(* For each $k\in\mathbb{N}$ let $S_k$ be a nonempty set of setfunctions on $(\,[k],2^{[k]})$, and assume that $S=\bigcup_k S_k$ is quotient-closed and has the common lift property. Then there are setfunctions $\varphi_k\in S_k$ ($k\in\mathbb{N}$) such that $(\varphi_n\colon n\in\mathbb{N})$ is a tower and, for every $k$, $\bigcup_n Q_k(\varphi_n)$ is a dense subset of $S_k$.
   Context: A setfunction on a set-algebra $(J,\mathcal{B})$ is a map $\varphi\colon\mathcal{B}\to\mathbb{R}$ with $\varphi(\emptyset)=0$; $[k]=\{1,\dots,k\}$, $\mathbb{N}$ the positive integers. For a measurable map $F\colon J\to[k]$, the quotient $\varphi\circ F^{-1}$ is the setfunction $A\mapsto\varphi(F^{-1}(A))$ on $2^{[k]}$; $Q_k(\varphi)\subseteq\mathbb{R}^{2^k}$ is the set of all quotients of $\varphi$ on $[k]$. $\varphi$ is a lift of $\varphi'$ if $\varphi'$ is a quotient of $\varphi$. A family $A$ of finite setfunctions is quotient-closed if every quotient of a member of $A$ is in $A$, and has the common lift property if every finite subset of $A$ has a common lift in $A$. A tower is a sequence $(\varphi_n)$ of setfunctions on finite set-algebras $(J_n,2^{J_n})$ such that $\varphi_n$ is a quotient of $\varphi_{n+1}$ for every $n$. Density is with respect to the Euclidean topology of $\mathbb{R}^{2^k}$. *)

theory Defs
  imports Complex_Main
begin

text \<open>A setfunction on ([k], 2^[k]) is represented as a function on nat sets that
vanishes on the empty set and on every set not contained in {1..k}
(so that only its values on subsets of [k] carry information).\<close>
definition setfun :: "nat \<Rightarrow> (nat set \<Rightarrow> real) \<Rightarrow> bool" where
  "setfun k \<phi> \<longleftrightarrow> \<phi> {} = 0 \<and> (\<forall>A. \<not> A \<subseteq> {1..k} \<longrightarrow> \<phi> A = 0)"

definition quot :: "nat \<Rightarrow> nat \<Rightarrow> (nat \<Rightarrow> nat) \<Rightarrow> (nat set \<Rightarrow> real) \<Rightarrow> (nat set \<Rightarrow> real)" where
  "quot n k F \<phi> = (\<lambda>A. if A \<subseteq> {1..k} then \<phi> {i \<in> {1..n}. F i \<in> A} else 0)"

definition is_quotient :: "nat \<Rightarrow> (nat set \<Rightarrow> real) \<Rightarrow> nat \<Rightarrow> (nat set \<Rightarrow> real) \<Rightarrow> bool" where
  "is_quotient n \<phi> k \<psi> \<longleftrightarrow> (\<exists>F. (\<forall>i\<in>{1..n}. F i \<in> {1..k}) \<and> \<psi> = quot n k F \<phi>)"

definition Qk :: "nat \<Rightarrow> nat \<Rightarrow> (nat set \<Rightarrow> real) \<Rightarrow> (nat set \<Rightarrow> real) set" where
  "Qk k n \<phi> = {\<psi>. is_quotient n \<phi> k \<psi>}"

text \<open>The family S = union of the S_k (disjoint union, indexed by k) is quotient-closed.\<close>
definition quotient_closed :: "(nat \<Rightarrow> (nat set \<Rightarrow> real) set) \<Rightarrow> bool" where
  "quotient_closed S \<longleftrightarrow>
     (\<forall>n\<ge>1. \<forall>\<phi>\<in>S n. \<forall>k\<ge>1. \<forall>\<psi>. is_quotient n \<phi> k \<psi> \<longrightarrow> \<psi> \<in> S k)"

definition common_lift_property :: "(nat \<Rightarrow> (nat set \<Rightarrow> real) set) \<Rightarrow> bool" where
  "common_lift_property S \<longleftrightarrow>
     (\<forall>I. finite I \<and> I \<subseteq> {(k, \<phi>). k \<ge> 1 \<and> \<phi> \<in> S k} \<longrightarrow>
        (\<exists>m\<ge>1. \<exists>\<psi>\<in>S m. \<forall>(k, \<phi>)\<in>I. is_quotient m \<psi> k \<phi>))"

definition tower :: "(nat \<Rightarrow> (nat set \<Rightarrow> real)) \<Rightarrow> bool" where
  "tower \<phi> \<longleftrightarrow> (\<forall>n\<ge>1. is_quotient (Suc n) (\<phi> (Suc n)) n (\<phi> n))"

text \<open>Density of D in S_k w.r.t. the Euclidean topology on R^(2^k) (sup-norm form).\<close>
definition dense_in_setfuns :: "nat \<Rightarrow> (nat set \<Rightarrow> real) set \<Rightarrow> (nat set \<Rightarrow> real) set \<Rightarrow> bool" where
  "dense_in_setfuns k D T \<longleftrightarrow> D \<subseteq> T \<and>
     (\<forall>\<psi>\<in>T. \<forall>e>0. \<exists>\<chi>\<in>D. \<forall>A. A \<subseteq> {1..k} \<longrightarrow> \<bar>\<psi> A - \<chi> A\<bar> < e)"

end

theory Submission
  imports Defs "HOL-Library.Countable_Set" "HOL-Analysis.Finite_Cartesian_Product"
begin

text \<open>The common lift property yields a sparse tower (the spine) L_0, L_1, ... with L_p in
  S m_p and m_p < m_(p+1), in which L_(p+1) lifts both L_p and the p-th member of a countable
  dense family of targets. After shifting coordinates, the quotient map from L_(p+1) to L_p can
  be taken to be a retraction R of [m_(p+1)] onto [m_p]. The levels m_p \<le> n \<le> m_(p+1) are
  then filled by the quotients of L_(p+1) that keep the coordinates up to n and collapse the
  others by R; consecutive ones differ by collapsing a single coordinate, so together they form
  a tower. Every target is a quotient of this tower, and all its quotients on [k] lie in S k by
  quotient-closedness, so density is inherited from the targets.\<close>

lemma quot_comp:
  assumes "\<forall>i\<in>{1..n}. F i \<in> {1..k}"
  shows "quot k j G (quot n k F \<phi>) = quot n j (G \<circ> F) \<phi>"
proof (rule ext)
  fix A
  have "{i \<in> {1..n}. F i \<in> {v \<in> {1..k}. G v \<in> A}} = {i \<in> {1..n}. (G \<circ> F) i \<in> A}"
    using assms by auto
  then show "quot k j G (quot n k F \<phi>) A = quot n j (G \<circ> F) \<phi> A"
    unfolding quot_def by auto
qed

lemma quot_cong:
  assumes "\<forall>i\<in>{1..n}. F i = F' i"
  shows "quot n k F \<phi> = quot n k F' \<phi>"
proof -
  have "{i \<in> {1..n}. F i \<in> A} = {i \<in> {1..n}. F' i \<in> A}" for A
    using assms by auto
  then show ?thesis unfolding quot_def by auto
qed

lemma quot_id:
  assumes "setfun n \<phi>" "\<forall>i\<in>{1..n}. F i = i"
  shows "quot n n F \<phi> = \<phi>"
proof (rule ext)
  fix A
  show "quot n n F \<phi> A = \<phi> A"
  proof (cases "A \<subseteq> {1..n}")
    case True
    then have "{i \<in> {1..n}. F i \<in> A} = A" using assms(2) by auto
    then show ?thesis using True unfolding quot_def by auto
  next
    case False
    then show ?thesis using assms(1) unfolding quot_def setfun_def by auto
  qed
qed

lemma is_quotientI:
  assumes "\<forall>i\<in>{1..n}. F i \<in> {1..k}"
  shows "is_quotient n \<phi> k (quot n k F \<phi>)"
  using assms unfolding is_quotient_def by blast

lemma is_quotient_trans:
  assumes "is_quotient n \<phi> k \<psi>" "is_quotient k \<psi> j \<gamma>"
  shows "is_quotient n \<phi> j \<gamma>"
proof -
  obtain F where F: "\<forall>i\<in>{1..n}. F i \<in> {1..k}" "\<psi> = quot n k F \<phi>"
    using assms(1) unfolding is_quotient_def by blast
  obtain G where G: "\<forall>i\<in>{1..k}. G i \<in> {1..j}" "\<gamma> = quot k j G \<psi>"
    using assms(2) unfolding is_quotient_def by blast
  have "\<gamma> = quot n j (G \<circ> F) \<phi>" using G(2) F quot_comp by metis
  moreover have "\<forall>i\<in>{1..n}. (G \<circ> F) i \<in> {1..j}" using F(1) G(1) by auto
  ultimately show ?thesis unfolding is_quotient_def by blast
qed

lemma quotient_closedD:
  assumes "quotient_closed S" "n \<ge> 1" "\<phi> \<in> S n" "k \<ge> 1" "is_quotient n \<phi> k \<psi>"
  shows "\<psi> \<in> S k"
  using assms unfolding quotient_closed_def by blast

definition is_retraction :: "nat \<Rightarrow> nat \<Rightarrow> (nat \<Rightarrow> nat) \<Rightarrow> bool" where
  "is_retraction M m R \<longleftrightarrow> (\<forall>i\<in>{1..M}. R i \<in> {1..m}) \<and> (\<forall>i\<in>{1..m}. R i = i)"

text \<open>Shifting a lift L on [M] to the upper part of [m + M] leaves room for the identity
  on [m], so that the quotient map to [m] can be taken to be a retraction.\<close>
lemma retraction_lift:
  assumes closed: "quotient_closed S" and "m \<ge> 1" "M \<ge> 1" "L \<in> S M" "setfun M L"
    and "is_quotient M L m \<psi>"
  shows "\<exists>L'\<in>S (m + M). \<exists>R. is_retraction (m + M) m R \<and> \<psi> = quot (m + M) m R L' \<and>
           is_quotient (m + M) L' M L"
proof -
  obtain F where F: "\<forall>i\<in>{1..M}. F i \<in> {1..m}" and \<psi>: "\<psi> = quot M m F L"
    using assms(6) unfolding is_quotient_def by blast
  define L' where "L' = quot M (m + M) (\<lambda>i. i + m) L"
  define R where "R j = (if j \<le> m then j else F (j - m))" for j
  define P where "P j = (if m < j then j - m else 1)" for j
  have shift: "\<forall>i\<in>{1..M}. i + m \<in> {1..m + M}" by auto
  have "L' \<in> S (m + M)"
    unfolding L'_def using \<open>M \<ge> 1\<close>
    by (intro quotient_closedD[OF closed _ \<open>L \<in> S M\<close> _ is_quotientI[OF shift]]) auto
  moreover have "is_retraction (m + M) m R"
    using F unfolding is_retraction_def R_def by fastforce
  moreover have "quot (m + M) m R L' = \<psi>"
  proof -
    have "quot (m + M) m R L' = quot M m (R \<circ> (\<lambda>i. i + m)) L"
      unfolding L'_def by (rule quot_comp[OF shift])
    also have "\<dots> = quot M m F L" by (rule quot_cong) (auto simp: R_def)
    finally show ?thesis using \<psi> by simp
  qed
  moreover have "quot (m + M) M P L' = L"
  proof -
    have "quot (m + M) M P L' = quot M M (P \<circ> (\<lambda>i. i + m)) L"
      unfolding L'_def by (rule quot_comp[OF shift])
    also have "\<dots> = L" by (rule quot_id) (auto simp: P_def \<open>setfun M L\<close>)
    finally show ?thesis .
  qed
  moreover have "\<forall>j\<in>{1..m + M}. P j \<in> {1..M}" using \<open>M \<ge> 1\<close> unfolding P_def by auto
  ultimately show ?thesis using is_quotientI by metis
qed

lemma common_lift_through_retraction:
  assumes closed: "quotient_closed S" and lifts: "common_lift_property S"
    and setfuns: "\<And>k. k \<ge> 1 \<Longrightarrow> S k \<subseteq> {\<phi>. setfun k \<phi>}"
    and "m \<ge> 1" "\<psi> \<in> S m" "k \<ge> 1" "c \<in> S k"
  shows "\<exists>M>m. \<exists>L\<in>S M. \<exists>R. is_retraction M m R \<and> \<psi> = quot M m R L \<and> is_quotient M L k c"
proof -
  have "\<exists>M\<ge>1. \<exists>L\<in>S M. \<forall>(j, \<phi>)\<in>{(m, \<psi>), (k, c)}. is_quotient M L j \<phi>"
    using lifts[unfolded common_lift_property_def, rule_format, of "{(m, \<psi>), (k, c)}"] assms(4-)
    by auto
  then obtain M L where M: "M \<ge> 1" "L \<in> S M" "is_quotient M L m \<psi>" "is_quotient M L k c"
    by auto
  obtain L' R where L': "L' \<in> S (m + M)" "is_retraction (m + M) m R" "\<psi> = quot (m + M) m R L'"
    "is_quotient (m + M) L' M L"
    using retraction_lift[OF closed \<open>m \<ge> 1\<close> M(1,2) _ M(3)] setfuns M(1,2) by blast
  have "m < m + M" using M(1) by simp
  then show ?thesis using L' is_quotient_trans[OF L'(4) M(4)] by blast
qed

definition interpolate :: "nat \<Rightarrow> (nat \<Rightarrow> nat) \<Rightarrow> (nat set \<Rightarrow> real) \<Rightarrow> nat \<Rightarrow> nat set \<Rightarrow> real" where
  "interpolate M R L n = quot M n (\<lambda>i. if i \<le> n then i else R i) L"

lemma retraction_into:
  assumes "is_retraction M m R" "m \<le> n" "i \<in> {1..M}"
  shows "R i \<in> {1..n}"
  using assms unfolding is_retraction_def by fastforce

lemma interpolate_is_quotient:
  assumes "is_retraction M m R" "m \<le> n"
  shows "is_quotient M L n (interpolate M R L n)"
  unfolding interpolate_def
proof (rule is_quotientI, rule ballI)
  fix i assume "i \<in> {1..M}"
  then show "(if i \<le> n then i else R i) \<in> {1..n}"
    using retraction_into[OF assms] by auto
qed

lemma interpolate_bottom:
  assumes "is_retraction M m R"
  shows "interpolate M R L m = quot M m R L"
  unfolding interpolate_def
  by (rule quot_cong) (use assms in \<open>auto simp: is_retraction_def\<close>)

lemma interpolate_top:
  assumes "setfun M L"
  shows "interpolate M R L M = L"
  unfolding interpolate_def by (rule quot_id) (auto simp: assms)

■ Try it ■
If a line of the listing above holds the string "shows", copy it.

■ Written solution ■
  shows "quot k j G (quot n k F \<phi>) = quot n j (G \<circ> F) \<phi>"
  shows "quot n k F \<phi> = quot n k F' \<phi>"
  shows "quot n n F \<phi> = \<phi>"
  shows "is_quotient n \<phi> k (quot n k F \<phi>)"
  shows "is_quotient n \<phi> j \<gamma>"
  shows "\<psi> \<in> S k"
  shows "\<exists>L'\<in>S (m + M). \<exists>R. is_retraction (m + M) m R \<and> \<psi> = quot (m + M) m R L' \<and>
  shows "\<exists>M>m. \<exists>L\<in>S M. \<exists>R. is_retraction M m R \<and> \<psi> = quot M m R L \<and> is_quotient M L k c"
  shows "R i \<in> {1..n}"
  shows "is_quotient M L n (interpolate M R L n)"
  shows "interpolate M R L m = quot M m R L"
  shows "interpolate M R L M = L"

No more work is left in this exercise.